Élevage
Le lapin à la croisée des chemins
La transformation du mode d’élevage de lapins s’est accélérée en France, et les éleveurs visent toujours le quart de la production issue de modes d’élevages alternatifs à la cage, d’ici à 2025. Mais il ne sera pas simple d’y parvenir.
La transformation du mode d’élevage de lapins s’est accélérée en France, et les éleveurs visent toujours le quart de la production issue de modes d’élevages alternatifs à la cage, d’ici à 2025. Mais il ne sera pas simple d’y parvenir.
Une étude récente de l’Itavi sur les investissements et l’adaptabilité des élevages cunicoles donne un peu d’espoir à la filière cunicole. Présentée lors du dernier Space à Rennes, elle a enquêté auprès de 85 éleveurs – soit plus de 10 % d’une filière qui en compte moins de 800, à près de 80 % dans le Grand Ouest – sur leurs perspectives à l’horizon 2023.
Si 17 % songent arrêter la production, des éleveurs souhaitant prendre leur retraite ou estimant ne pas avoir de perspectives suffisantes pour poursuivre leur activité, près de la moitié (46 %) se voit toujours en place encore dans cinq ans. Ils sont 21 % d’entre eux à envisager l'aménagement de leur outil de production, et 25 % ont pour objectif d’investir dans de nouveaux logements et bâtiments d’élevage.
Cette étude donne de précieux indicateurs pour une filière engagée dans la transition de sa production. Régulièrement, la cible d’antispécistes malgré sa volonté affichée de développer des modes d’élevages alternatifs à la cage, la filière cunicole se situe à la croisée des chemins. Non seulement la consommation de viande de lapin a perdu 3 % par an en moyenne en France entre 2011 et 2016, mais encore plus en 2017, 2018 et sur les sept premiers mois de l’année 2019 (-6,7 %), selon l’Itavi.

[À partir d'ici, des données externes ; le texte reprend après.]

lemma integrable_weight:
  assumes "0 < c"
  shows "integrable lborel (weight c)"
proof (rule Bochner_Integration.integrable_bound)
  show "integrable lborel (\<lambda>\<theta>. \<pi> \<theta> * f 0)"
    using \<pi>_integrable by simp
  have "continuous_on UNIV (\<lambda>\<theta>. f (Q \<theta> / c))"
    using assms Q_nonneg
    by (intro continuous_on_compose2[OF f_cont] continuous_intros Q_cont) auto
  then have "continuous_on UNIV (weight c)"
    unfolding weight_def[abs_def] by (intro continuous_intros \<pi>_cont)
  then show "weight c \<in> borel_measurable lborel"
    using borel_measurable_continuous_onI by simp
  show "AE \<theta> in lborel. norm (weight c \<theta>) \<le> norm (\<pi> \<theta> * f 0)"
    using weight_nonneg[OF assms] weight_le[OF assms order_refl Q_nonneg] \<pi>_nonneg f_pos[of 0]
    by auto
qed

lemma integral_weight_ge:
  assumes "0 < c" and "B \<in> sets lborel" and "emeasure lborel B < \<infinity>" and "0 \<le> p"
    and near: "\<And>\<theta>. \<theta> \<in> B \<Longrightarrow> Q \<theta> \<le> a \<and> p \<le> \<pi> \<theta>"
  shows "p * measure lborel B * f (a / c) \<le> (\<integral>\<theta>. weight c \<theta> \<partial>lborel)"
proof -
  have "p * measure lborel B * f (a / c) = (\<integral>\<theta>. indicator B \<theta> * (p * f (a / c)) \<partial>lborel)"
    by simp
  also have "\<dots> \<le> (\<integral>\<theta>. weight c \<theta> \<partial>lborel)"
  proof (rule integral_mono)
    show "integrable lborel (\<lambda>\<theta>. indicator B \<theta> * (p * f (a / c)))"
      using assms(2,3) by (intro integrable_mult_left integrable_real_indicator)
    show "integrable lborel (weight c)"
      using integrable_weight[OF assms(1)] .
    show "indicator B \<theta> * (p * f (a / c)) \<le> weight c \<theta>" for \<theta>
      using weight_ge[OF assms(1) _ _ assms(4)] near weight_nonneg[OF assms(1)]
      by (cases "\<theta> \<in> B") auto
  qed
  finally show ?thesis .
qed

lemma integral_weight_outside_le:
  assumes "0 < c" and "S \<in> sets lborel" and "0 \<le> b" and far: "\<And>\<theta>. \<theta> \<in> S \<Longrightarrow> b \<le> Q \<theta>"
  shows "(\<integral>\<theta>. indicator S \<theta> * weight c \<theta> \<partial>lborel) \<le> f (b / c) * (\<integral>\<theta>. \<pi> \<theta> \<partial>lborel)"
proof -
  have "(\<integral>\<theta>. indicator S \<theta> * weight c \<theta> \<partial>lborel) \<le> (\<integral>\<theta>. \<pi> \<theta> * f (b / c) \<partial>lborel)"
  proof (rule integral_mono)
    show "integrable lborel (\<lambda>\<theta>. indicator S \<theta> * weight c \<theta>)"
      using integrable_mult_indicator[OF assms(2) integrable_weight[OF assms(1)]] by simp
    show "integrable lborel (\<lambda>\<theta>. \<pi> \<theta> * f (b / c))"
      using \<pi>_integrable by simp
    show "indicator S \<theta> * weight c \<theta> \<le> \<pi> \<theta> * f (b / c)" for \<theta>
      using weight_le[OF assms(1,3) far] \<pi>_nonneg[of \<theta>] f_pos[of "b / c"] assms(1,3)
      by (cases "\<theta> \<in> S") auto
  qed
  then show ?thesis
    by (simp add: mult.commute)
qed

lemma posterior_mass_bounds:
  assumes "0 < c" and "S \<in> sets lborel" and "0 \<le> b" and far: "\<And>\<theta>. \<theta> \<in> S \<Longrightarrow> b \<le> Q \<theta>"
    and "B \<in> sets lborel" and "emeasure lborel B < \<infinity>" and "0 < measure lborel B"
    and "0 < p" and "0 \<le> a" and near: "\<And>\<theta>. \<theta> \<in> B \<Longrightarrow> Q \<theta> \<le> a \<and> p \<le> \<pi> \<theta>"
  defines "mass \<equiv> \<integral>\<theta>. indicator S \<theta> * posterior c \<theta> \<partial>lborel"
  shows "0 \<le> mass"
    and "mass \<le> f (b / c) / f (a / c) * ((\<integral>\<theta>. \<pi> \<theta> \<partial>lborel) / (p * measure lborel B))"
proof -
  define Z where "Z = (\<integral>\<theta>. weight c \<theta> \<partial>lborel)"
  define N where "N = (\<integral>\<theta>. indicator S \<theta> * weight c \<theta> \<partial>lborel)"
  have fa_pos: "0 < f (a / c)"
    using assms(1,9) by (intro f_pos) simp
  have K_pos: "0 < p * measure lborel B"
    using assms(7,8) by simp
  have Z_ge: "p * measure lborel B * f (a / c) \<le> Z"
    unfolding Z_def using assms(1,5,6,8) near by (intro integral_weight_ge) auto
  then have Z_pos: "0 < Z"
    using K_pos fa_pos by (meson mult_pos_pos order_less_le_trans)
  have mass_eq: "mass = N / Z"
    unfolding mass_def N_def Z_def posterior_def by (simp flip: integral_divide_zero)
  have N_nonneg: "0 \<le> N"
    unfolding N_def using weight_nonneg[OF assms(1)] by (intro integral_nonneg_AE) auto
  have N_le: "N \<le> f (b / c) * (\<integral>\<theta>. \<pi> \<theta> \<partial>lborel)"
    unfolding N_def using assms(1-3) far by (rule integral_weight_outside_le)
  show "0 \<le> mass"
    unfolding mass_eq using N_nonneg Z_pos by simp
  have "mass \<le> f (b / c) * (\<integral>\<theta>. \<pi> \<theta> \<partial>lborel) / Z"
    unfolding mass_eq using N_le Z_pos by (simp add: divide_right_mono)
  also have "\<dots> \<le> f (b / c) * (\<integral>\<theta>. \<pi> \<theta> \<partial>lborel) / (p * measure lborel B * f (a / c))"
    using Z_ge Z_pos K_pos fa_pos N_nonneg N_le by (intro divide_left_mono) auto
  finally show "mass \<le> f (b / c) / f (a / c) * ((\<integral>\<theta>. \<pi> \<theta> \<partial>lborel) / (p * measure lborel B))"
    by (simp add: field_simps)
qed

lemma ball_where_Q_le_and_prior_ge:
  assumes "0 < \<pi> t0" and "0 < m"
  obtains \<delta> where "0 < \<delta>"
    and "\<And>\<theta>. \<theta> \<in> ball t0 \<delta> \<Longrightarrow> Q \<theta> \<le> Q t0 + m \<and> \<pi> t0 / 2 \<le> \<pi> \<theta>"
proof -
  have "isCont Q t0" "isCont \<pi> t0"
    using Q_cont \<pi>_cont by (simp_all add: continuous_on_eq_continuous_at)
  then have "(Q \<longlongrightarrow> Q t0) (nhds t0)" "(\<pi> \<longlongrightarrow> \<pi> t0) (nhds t0)"
    by (simp_all add: isCont_def tendsto_at_iff_tendsto_nhds)
  then have "\<forall>\<^sub>F \<theta> in nhds t0. Q \<theta> < Q t0 + m \<and> \<pi> t0 / 2 < \<pi> \<theta>"
    using assms by (intro eventually_conj order_tendstoD) auto
  then show ?thesis
    using that unfolding eventually_nhds_metric by (force simp: dist_commute)
qed

lemma posterior_mass_tendsto_0:
  assumes f_tail: "\<And>r. r > 1 \<Longrightarrow> ((\<lambda>u. f (r * u) / f u) \<longlongrightarrow> 0) at_top"
    and "0 < \<pi> t0" and "S \<in> sets lborel"
    and "0 < m" and gap: "\<And>\<theta>. \<theta> \<in> S \<Longrightarrow> Q t0 + m \<le> Q \<theta>"
  shows "((\<lambda>c. \<integral>\<theta>. indicator S \<theta> * posterior c \<theta> \<partial>lborel) \<longlongrightarrow> 0) (at_right 0)"
proof -
  define a where "a = Q t0 + m / 2"
  define b where "b = Q t0 + m"
  have ab: "0 < a" "a < b"
    using Q_nonneg[of t0] \<open>0 < m\<close> by (simp_all add: a_def b_def)
  obtain \<delta> where "0 < \<delta>" and near: "\<And>\<theta>. \<theta> \<in> ball t0 \<delta> \<Longrightarrow> Q \<theta> \<le> a \<and> \<pi> t0 / 2 \<le> \<pi> \<theta>"
    using ball_where_Q_le_and_prior_ge[OF \<open>0 < \<pi> t0\<close>, of "m / 2"] \<open>0 < m\<close> unfolding a_def by auto
  have b: "0 \<le> b" "\<And>\<theta>. \<theta> \<in> S \<Longrightarrow> b \<le> Q \<theta>"
    using ab gap by (auto simp: b_def)
  have ball: "ball t0 \<delta> \<in> sets lborel" "emeasure lborel (ball t0 \<delta>) < \<infinity>"
    "0 < measure lborel (ball t0 \<delta>)"
    using content_ball_pos[OF \<open>0 < \<delta>\<close>] emeasure_bounded_finite[of "ball t0 \<delta>"] by auto
  have "0 < \<pi> t0 / 2" "0 \<le> a"
    using \<open>0 < \<pi> t0\<close> ab by simp_all
  note mass_bounds = posterior_mass_bounds[OF _ \<open>S \<in> sets lborel\<close> b ball this near]
  let ?mass = "\<lambda>c. \<integral>\<theta>. indicator S \<theta> * posterior c \<theta> \<partial>lborel"
  define C where "C = (\<integral>\<theta>. \<pi> \<theta> \<partial>lborel) / (\<pi> t0 / 2 * measure lborel (ball t0 \<delta>))"
  have "\<forall>\<^sub>F c in at_right 0. 0 \<le> ?mass c \<and> ?mass c \<le> f (b / c) / f (a / c) * C"
    using mass_bounds unfolding C_def by (auto intro: eventually_mono[OF eventually_at_right_less])
  then have "\<forall>\<^sub>F c in at_right 0. 0 \<le> ?mass c" "\<forall>\<^sub>F c in at_right 0. ?mass c \<le> f (b / c) / f (a / c) * C"
    unfolding eventually_conj_iff by blast+
  moreover have "((\<lambda>c. f (b / c) / f (a / c) * C) \<longlongrightarrow> 0) (at_right 0)"
    by (intro tendsto_mult_left_zero tail_ratio_tendsto_0_at_right[OF f_tail ab])
  ultimately show ?thesis
    by (rule tendsto_sandwich[OF _ _ tendsto_const])
qed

Les comptes d’exploitation des productions cunicoles sont loin d’être florissants. Au gré de l’effort vers la démédication dans les élevages – l’indice de fréquence de traitement a été abaissé de 35 à 40 % –, les éleveurs ont subi des pertes avant de maîtriser le sanitaire dans leurs ateliers. Quand ce n’était pas la VHD – maladie virale hémorragique – qui décimait leur cheptel.
Environ 8 % de la production provient d’élevages alternatifs
Pour reconquérir les consommateurs en répondant à leurs attentes sociétales, la filière vise le quart de sa production dans des élevages alternatifs d’ici 2023-2025. Elle s’y est engagée il y a deux ans dans son plan de filière présenté au gouvernement lors des débats sur les états généraux de l’alimentation.
Les opérateurs du secteur y travaillent, notamment dans un « living lab » avec l’Inra. Mais il y a encore du chemin à parcourir. « Environ 8 % de la production (un peu moins de 40 000 tonnes de viande de lapin, ndlr) provient des différents systèmes mis en place ces dernières années », explique Guy Airiau, président du Comité lapin interprofessionnel pour la promotion des produits (Clipp).
Une capacité d’autofinancement très faible
En juin 2019, la Coopérative des producteurs de lapins du bocage (CPLB du groupe Cavac), Terrena et l'Association Lœul et Piriot Multilap (ALPM) ont lancé le concept d’élevage « lapin et bien », un système d’élevage en bande sur caillebotis plastique avec terriers artificiels, alimentation garantie sans OGM et complémentée de graines de lin.
Les premiers produits de ces animaux seront disponibles en janvier 2020 dans les rayons de la grande distribution. Mais les éleveurs auront-ils la capacité financière d’investir dans ce type d’élevage ? De ce point de vue, l’étude de l’Itavi souligne que les éleveurs ont une capacité d’autofinancement très faible.
« Il est donc nécessaire que les éleveurs bénéficient de soutiens, à la fois des opérateurs sur des contrats longs, et que leurs investissements soient éligibles aux dispositifs de modernisation, comme le PCAEA. Mais pour le juge de paix, ce sera le marché. Produire de cette manière coûte plus cher. Il faudra donc que le consommateur accepte de payer plus cher cette viande “prémiumisée” », poursuit Guy Auriau.